It has been a while since Virginia Woolf had to exhort women
writers to "kill the aesthetic ideal through which they themselves have
been 'killed' into art": in other words, to challenge the ‘good’
woman-‘bad’ woman, monster-angel dichotomy which characterises so much of the
literature about and by women. Most women writers of the Northeast have been
challenging patriarchal presumptions and literary stereotypes. They have been
consciously or unconsciously trying to find a rightful place for themselves and
their kind in the region’s narratives as ‘real’ subjects.
Often, breaking the stereotype has involved challenging the
legend of women’s emancipation in the region – the myth perpetuated by those
who point towards the many matrilineal traditions here, or the engagement of
women in commercial activities, or their vocal participation in political
protests. Sure, their lot has been much better than that of their sisters in
‘mainland’ India who were forced into purdah. But they do often question the
loopholes in the traditional systems which uphold the superiority of their men
in indirect ways, and often by proxy. There are many all-women marketplaces all
over the Northeast, where one can see the woman as the family bread-earner,
often the only one in the household.
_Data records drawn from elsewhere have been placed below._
text \<open>The high--high to low frequency interaction: on \<open>[N/4, N/2]\<close> the quadratic term at time
  \<open>t = 1/N\<^sup>2\<close> is bounded below uniformly in \<open>N\<close>, since the integrand has imaginary part
  \<open>\<gtrsim> \<xi> N\<close> on the whole interval \<open>[0, t]\<close>.\<close>
lemma norm_second_iterate_bump_ge:
  assumes \<eta>: "\<eta> > 0" and N: "N \<ge> 1" and \<xi>: "\<xi> \<in> {N/4..N/2}"
  shows "cmod (second_iterate \<eta> (bump N) (1 / N\<^sup>2) \<xi>) \<ge> exp (- 9 * \<eta>) / (32 * pi)"
proof -
  define t where "t = 1 / N\<^sup>2"
  have Npos: "N > 0" and t0: "t > 0" and Nt: "N\<^sup>2 * t = 1" using N by (auto simp: t_def)
  define f where "f \<tau> = indicator {0..t} \<tau> *\<^sub>R (S0sym \<eta> (t - \<tau>) \<xi> * nonlin (free_evolution \<eta> (bump N)) \<tau> \<xi>)" for \<tau>
  have fi: "integrable lborel f"
    using set_integrable_second_iterate[OF \<eta> _ Hs_imp_hs_finite[OF bump_Hs], of t \<xi>] t0
    unfolding set_integrable_def f_def by simp
  define c1 where "c1 = exp (- 9 * \<eta>) * N\<^sup>2 / (32 * pi)"
  have "indicator {0..t} \<tau> * c1 \<le> Im (f \<tau>)" for \<tau>
  proof (cases "\<tau> \<in> {0..t}")
    case False then show ?thesis unfolding f_def by simp
  next
    case True
    define sv where "sv = exp (- \<eta> * (\<xi>\<^sup>2 - \<bar>\<xi>\<bar>) * (t - \<tau>))"
    define cv where "cv = (LINT \<zeta>|lborel. free_evolution \<eta> (bump N) \<tau> (\<xi> - \<zeta>) * free_evolution \<eta> (bump N) \<tau> \<zeta>)"
    have fe: "Im (f \<tau>) = sv * (\<xi> / (4 * pi)) * Re cv"
      unfolding f_def using True
      by (simp add: S0sym_def nonlin_def sv_def cv_def Im_nonlin_factor del: of_real_mult)
    have sv: "sv \<ge> exp (- \<eta>)"
      unfolding sv_def using True t_def by (intro S0sym_low_freq_ge[OF \<eta> Npos \<xi>]) auto
    have "exp (- 8 * \<eta> * N\<^sup>2 * \<tau>) \<ge> exp (- 8 * \<eta>)"
      using True Nt \<eta> mult_left_mono[of \<tau> t "N\<^sup>2"] by (simp add: mult.assoc)
    then have cv: "Re cv \<ge> N / 2 * exp (- 8 * \<eta>)"
      using convolution_bump_ge[OF \<eta> Npos _ \<xi>, of \<tau>] True Npos unfolding cv_def
      by (smt (verit) mult_left_mono divide_nonneg_pos atLeastAtMost_iff)
    have "c1 = exp (- \<eta>) * (N / (16 * pi)) * (N / 2 * exp (- 8 * \<eta>))"
      unfolding c1_def by (simp add: power2_eq_square field_simps flip: exp_add)
    also have "\<dots> \<le> sv * (\<xi> / (4 * pi)) * Re cv"
    proof (rule mult_mono)
      show "exp (- \<eta>) * (N / (16 * pi)) \<le> sv * (\<xi> / (4 * pi))"
        using sv \<xi> Npos by (intro mult_mono) (auto simp: field_simps sv_def)
      show "0 \<le> sv * (\<xi> / (4 * pi))" using \<xi> Npos by (simp add: sv_def)
    qed (use cv Npos in auto)
    finally show ?thesis unfolding fe using True by simp
  qed
  then have "(LINT \<tau>|lborel. indicator {0..t} \<tau> * c1) \<le> (LINT \<tau>|lborel. Im (f \<tau>))"
    by (intro integral_mono integrable_indicator_const integrable_Im fi)
  also have "\<dots> = Im (second_iterate \<eta> (bump N) t \<xi>)"
  proof -
    have "second_iterate \<eta> (bump N) t \<xi> = (LINT \<tau>|lborel. f \<tau>)"
      unfolding second_iterate_def f_def set_lebesgue_integral_def by simp
    then show ?thesis using fi by simp
  qed
  also have "\<dots> \<le> cmod (second_iterate \<eta> (bump N) t \<xi>)" by (rule order_trans[OF abs_ge_self abs_Im_le_cmod])
  finally show ?thesis using t0 Npos by (simp add: c1_def t_def)
qed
How many of them however, go back home
after a grueling day at the market, selling their wares, to find their husbands
drunk and children unfed? And if our women were indeed so politically
empowered, why do we not find more of them representing us in legislative and
parliamentary bodies?
8 March is International Women’s Day. This issue of NELit review is therefore dedicated to
the women writers of the Northeast. We review a novel that exposes women’s
empowerment in the Northeast as a myth while celebrating the courage of those
who have challenged repressive traditions. Our Frontispiece takes a close look at the women who are writing the
Northeast today and creating a niche for themselves in the publishing world.
They are writing from their real, felt experiences while at the same time,
drawing from their roots in the region. This is what gives their voices the
power.
This is the power that should also enable them to resist
being typecast as the ‘wild tribals’ or the ‘drug abusers and easy lays’. Aruni
Kashyap – in Other Words – finds that
this is how the women of the region are perceived on the ‘mainland’. Just as
African women writers like Chimamanda Adichie are engaged in countering their
‘black’ image, our women writers should also be able to break free. There
should be no madwomen in our attics, locked away and monsterised.